**YOUR TASK**
Each line in these records that contains "lemma" counts once. Give the number only.

**** MATERIAL FOR THIS EXERCISE ****

text \<open>The key step: in \<open>B\<^sub>(\<^sub>u\<^sub>,\<^sub>a\<^sub>2\<^sub>,\<^sub>b\<^sub>2\<^sub>)\<close>, \<open>y = v\<^sub>x + d v\<^sub>g\<close> satisfies \<open>y v\<^sub>g = q v\<^sub>g y + b\<^sub>1 v\<^sub>g\<^sup>2\<close> with
  \<open>b\<^sub>1 = b\<^sub>2 + d (1 - q)\<close>, so \<open>v\<^sub>x \<mapsto> y\<close> respects the relations of \<open>B\<^sub>(\<^sub>u\<^sub>,\<^sub>a\<^sub>1\<^sub>,\<^sub>b\<^sub>1\<^sub>)\<close> once
  \<open>y\<^sup>N = a\<^sub>1\<close>.\<close>
lemma shift_map_lmul_x:
  assumes b1: "b1 = b2 + d * (1 - q)"
    and y_pow_N: "(lmul_y N q u a2 b2 d ^^ N) (bas (0, 0)) = (\<lambda>s. a1 * bas (0, 0) s)"
    and "f \<in> carr N"
  shows "shift_map N q u a2 b2 d (lmul_x N q u a1 b1 f) = lmul_y N q u a2 b2 d (shift_map N q u a2 b2 d f)"
proof (rule lin_op_eq_on_carr[OF lin_op_comp[OF lin_op_shift_map lin_op_lmul_x]
      lin_op_comp[OF lin_op_lmul_y lin_op_shift_map] _ \<open>f \<in> carr N\<close>])
  fix m n assume mn: "m < N" "n < N"
  let ?G = "lmul_g N u" and ?Y = "lmul_y N q u a2 b2 d" and ?P = "shift_map N q u a2 b2 d"
  have y_g: "\<And>f. f \<in> carr N \<Longrightarrow> ?Y (?G f) = (\<lambda>s. q * ?G (?Y f) s + b1 * ?G (?G f) s)"
    unfolding b1 by (rule lmul_y_lmul_g)
  have rhs: "?Y (?P (bas (m, n))) = (\<lambda>s. q ^ m * (?G ^^ m) ((?Y ^^ Suc n) (bas (0, 0))) s
      + b1 * q_int q m * ?G (?P (bas (m, n))) s)"
    using commute_funpow_lmul_g[OF y_g lmul_y_funpow_in_carr[OF one_in_carr], of m n] mn
    by (simp add: shift_map_bas)
  have lhs: "?P (lmul_x N q u a1 b1 (bas (m, n)))
      = (\<lambda>s. q ^ m * ?P (bas_mult_x N a1 m n) s + b1 * q_int q m * ?G (?P (bas (m, n))) s)"
    using mn by (simp add: lmul_x_bas lin_op_lincomb[OF lin_op_shift_map] shift_map_lmul_g bas_in_carr)
  have "?P (bas_mult_x N a1 m n) = (?G ^^ m) ((?Y ^^ Suc n) (bas (0, 0)))"
  proof (cases "Suc n = N")
    case True
    have "?P (bas_mult_x N a1 m n) = (\<lambda>s. a1 * (?G ^^ m) (bas (0, 0)) s)"
      using mn True by (simp add: bas_mult_x_def lin_op_scale[OF lin_op_shift_map] shift_map_bas)
    also have "\<dots> = (?G ^^ m) (\<lambda>s. a1 * bas (0, 0) s)"
      by (rule lin_op_scale[OF lin_op_funpow[OF lin_op_lmul_g], symmetric])
    finally show ?thesis using y_pow_N True by simp
  next
    case False
    then show ?thesis using mn by (simp add: bas_mult_x_def shift_map_bas)
  qed
  then show "?P (lmul_x N q u a1 b1 (bas (m, n))) = ?Y (?P (bas (m, n)))"
    unfolding lhs rhs by simp
qed

lemma lmul_smult_g_funpow:
  "((\<lambda>g s. d * lmul_g N u g s) ^^ k) f = (\<lambda>s. d ^ k * (lmul_g N u ^^ k) f s)"
  by (induction k) (simp_all add: lin_op_scale[OF lin_op_lmul_g] mult.assoc)

text \<open>Both \<open>y\<^sup>N\<close> computations are the \<open>q\<close>-binomial theorem: \<open>(d v\<^sub>g + v\<^sub>x)\<^sup>N = d\<^sup>N u + v\<^sub>x\<^sup>N\<close>
  when \<open>v\<^sub>x v\<^sub>g = q v\<^sub>g v\<^sub>x\<close>.\<close>
lemma lmul_y_funpow_N_b0:
  "(lmul_y N q u (a - d ^ N * u) 0 d ^^ N) (bas (0, 0)) = (\<lambda>s. a * bas (0, 0) s)"
proof -
  let ?A = "\<lambda>g s. d * lmul_g N u g s" and ?B = "lmul_x N q u (a - d ^ N * u) 0"
  have comm: "?B (?A f) = (\<lambda>s. q * ?A (?B f) s)" if "f \<in> carr N" for f
    using lmul_x_lmul_g[OF that, of u "a - d ^ N * u" 0]
    by (simp add: lin_op_scale[OF lin_op_lmul_x] algebra_simps)
  have "(lmul_y N q u (a - d ^ N * u) 0 d ^^ N) (bas (0, 0)) = ((\<lambda>g s. ?A g s + ?B g s) ^^ N) (bas (0, 0))"
    by (simp add: lmul_y_def)
  also have "\<dots> = (\<lambda>s. (?A ^^ N) (bas (0, 0)) s + (?B ^^ N) (bas (0, 0)) s)"
    by (rule q_binomial_funpow_root[OF lin_op_smult[OF lin_op_lmul_g] _ lin_op_lmul_x _ comm
          one_in_carr qbinom_vanish N_pos])
       (simp_all add: carr_scale lmul_g_in_carr lmul_x_in_carr)
  also have "\<dots> = (\<lambda>s. a * bas (0, 0) s)"
    by (simp add: lmul_smult_g_funpow lmul_g_funpow_N[OF one_in_carr] lmul_x0_funpow_N[OF one_in_carr]
        algebra_simps)
  finally show ?thesis .
qed

lemma shift_map_lmul_x_b0:
  assumes "b = d * (1 - q)" and "f \<in> carr N"
  shows "shift_map N q u (a - d ^ N * u) 0 d (lmul_x N q u a b f)
    = lmul_y N q u (a - d ^ N * u) 0 d (shift_map N q u (a - d ^ N * u) 0 d f)"
  by (rule shift_map_lmul_x) (use assms lmul_y_funpow_N_b0 in auto)

lemma lmul_y_funpow_N:
  assumes "b = d * (1 - q)"
  shows "(lmul_y N q u a b (- d) ^^ N) (bas (0, 0)) = (\<lambda>s. (a - d ^ N * u) * bas (0, 0) s)"
proof -
  let ?A = "\<lambda>g s. d * lmul_g N u g s" and ?B = "lmul_y N q u a b (- d)"
  have comm: "?B (?A f) = (\<lambda>s. q * ?A (?B f) s)" if "f \<in> carr N" for f
  proof -
    have "?B (?A f) = (\<lambda>s. d * ?B (lmul_g N u f) s)" by (rule lin_op_scale[OF lin_op_lmul_y])
    also have "\<dots> = (\<lambda>s. d * (q * lmul_g N u (?B f) s
        + (b + - d * (1 - q)) * lmul_g N u (lmul_g N u f) s))"
      unfolding lmul_y_lmul_g[OF that] ..
    finally show ?thesis using assms by (simp add: mult.left_commute)
  qed
  have sum_x: "(\<lambda>g s. ?A g s + ?B g s) = lmul_x N q u a b"
    by (intro ext) (simp add: lmul_y_def)
  have "(\<lambda>s. a * bas (0, 0) s) = ((\<lambda>g s. ?A g s + ?B g s) ^^ N) (bas (0, 0))"
    unfolding sum_x by (rule lmul_x_funpow_N_one[symmetric])
  also have "\<dots> = (\<lambda>s. (?A ^^ N) (bas (0, 0)) s + (?B ^^ N) (bas (0, 0)) s)"
    by (rule q_binomial_funpow_root[OF lin_op_smult[OF lin_op_lmul_g] _ lin_op_lmul_y _ comm
          one_in_carr qbinom_vanish N_pos])
       (simp_all add: carr_scale lmul_g_in_carr lmul_y_in_carr)
  also have "\<dots> = (\<lambda>s. d ^ N * u * bas (0, 0) s + (?B ^^ N) (bas (0, 0)) s)"
    by (simp add: lmul_smult_g_funpow lmul_g_funpow_N[OF one_in_carr] mult.assoc)
  finally have "a * bas (0, 0) s = d ^ N * u * bas (0, 0) s + (?B ^^ N) (bas (0, 0)) s" for s
    by metis
  then show ?thesis by (auto simp: algebra_simps intro!: ext)
qed

lemma shift_map_inverse:
  assumes d: "d1 + d2 = 0"
    and g_hom: "\<And>f. f \<in> carr N \<Longrightarrow>
      shift_map N q u aS bS d2 (lmul_g N u f) = lmul_g N u (shift_map N q u aS bS d2 f)"
    and x_hom: "\<And>f. f \<in> carr N \<Longrightarrow>
      shift_map N q u aS bS d2 (lmul_x N q u aT bT f) = lmul_y N q u aS bS d2 (shift_map N q u aS bS d2 f)"
    and "f \<in> carr N"
  shows "shift_map N q u aS bS d2 (shift_map N q u aT bT d1 f) = f"
proof (rule lin_op_eq_on_carr[OF lin_op_comp[OF lin_op_shift_map lin_op_shift_map] lin_op_id _
      \<open>f \<in> carr N\<close>])
  fix m n assume mn: "m < N" "n < N"
  let ?P = "shift_map N q u aS bS d2"
  have y_hom: "?P (lmul_y N q u aT bT d1 f) = lmul_x N q u aS bS (?P f)" if "f \<in> carr N" for f
  proof -
    have "?P (lmul_y N q u aT bT d1 f) = (\<lambda>s. d1 * ?P (lmul_g N u f) s + ?P (lmul_x N q u aT bT f) s)"
      unfolding lmul_y_def lin_op_add[OF lin_op_shift_map] lin_op_scale[OF lin_op_shift_map] ..
    also have "\<dots> = lmul_x N q u aS bS (?P f)"
      using d unfolding g_hom[OF that] x_hom[OF that] lmul_y_def
      by (simp add: eq_neg_iff_add_eq_0[symmetric] add.commute)
    finally show ?thesis .
  qed
  have "?P (shift_map N q u aT bT d1 (bas (m, n)))
      = ?P ((lmul_g N u ^^ m) ((lmul_y N q u aT bT d1 ^^ n) (bas (0, 0))))"
    using mn by (simp add: shift_map_bas)
  also have "\<dots> = (lmul_g N u ^^ m) (?P ((lmul_y N q u aT bT d1 ^^ n) (bas (0, 0))))"
    by (rule funpow_intertwine[where P = ?P and A = "lmul_g N u" and B = "lmul_g N u",
          OF g_hom lmul_g_in_carr lmul_y_funpow_in_carr[OF one_in_carr]])
  also have "?P ((lmul_y N q u aT bT d1 ^^ n) (bas (0, 0))) = (lmul_x N q u aS bS ^^ n) (bas (0, 0))"
    using funpow_intertwine[where P = ?P and A = "lmul_y N q u aT bT d1" and B = "lmul_x N q u aS bS",
        OF y_hom lmul_y_in_carr one_in_carr, of n] shift_map_one by simp
  also have "\<dots> = bas (0, n)" using mn(2) by (rule lmul_x_funpow_one)
  also have "(lmul_g N u ^^ m) (bas (0, n)) = bas (m, n)"
    using lmul_g_funpow_bas[of 0 m N n u] mn by simp
  finally show "?P (shift_map N q u aT bT d1 (bas (m, n))) = bas (m, n)" .
qed

text \<open>Left multiplication commutes with right multiplication: associativity of \<open>B\<^sub>(\<^sub>u\<^sub>,\<^sub>a\<^sub>,\<^sub>0\<^sub>)\<close>.\<close>
lemma Bmult_lmul_g:
  assumes "g \<in> carr N" "k \<in> carr N"
  shows "Bmult N q u a 0 (lmul_g N u g) k = lmul_g N u (Bmult N q u a 0 g k)"
proof (rule lin_op_eq_on_carr[OF lin_op_comp[OF lin_op_Bmult_left lin_op_lmul_g]
      lin_op_comp[OF lin_op_lmul_g lin_op_Bmult_left] _ assms(1)])
  fix m n assume mn: "m < N" "n < N"
  let ?G = "lmul_g N u" and ?X = "lmul_x N q u a 0"
  show "Bmult N q u a 0 (?G (bas (m, n))) k = ?G (Bmult N q u a 0 (bas (m, n)) k)"
  proof (cases "Suc m = N")
    case False
    then show ?thesis using mn by (simp add: lmul_g_bas Bmult_bas)
  next
    case True
    have "Bmult N q u a 0 (?G (bas (m, n))) k = (\<lambda>s. u * (?X ^^ n) k s)"
      using mn True N_pos by (simp add: lmul_g_bas lin_op_scale[OF lin_op_Bmult_left] Bmult_bas)
    also have "\<dots> = (?G ^^ N) ((?X ^^ n) k)"
      by (rule lmul_g_funpow_N[symmetric]) (rule lmul_x_funpow_in_carr[OF assms(2)])
    also have "\<dots> = ?G (Bmult N q u a 0 (bas (m, n)) k)"
      using mn True by (simp add: Bmult_bas del: funpow.simps) (metis funpow.simps(2) o_apply)
    finally show ?thesis .
  qed
qed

****

**YOUR RESPONSE**
7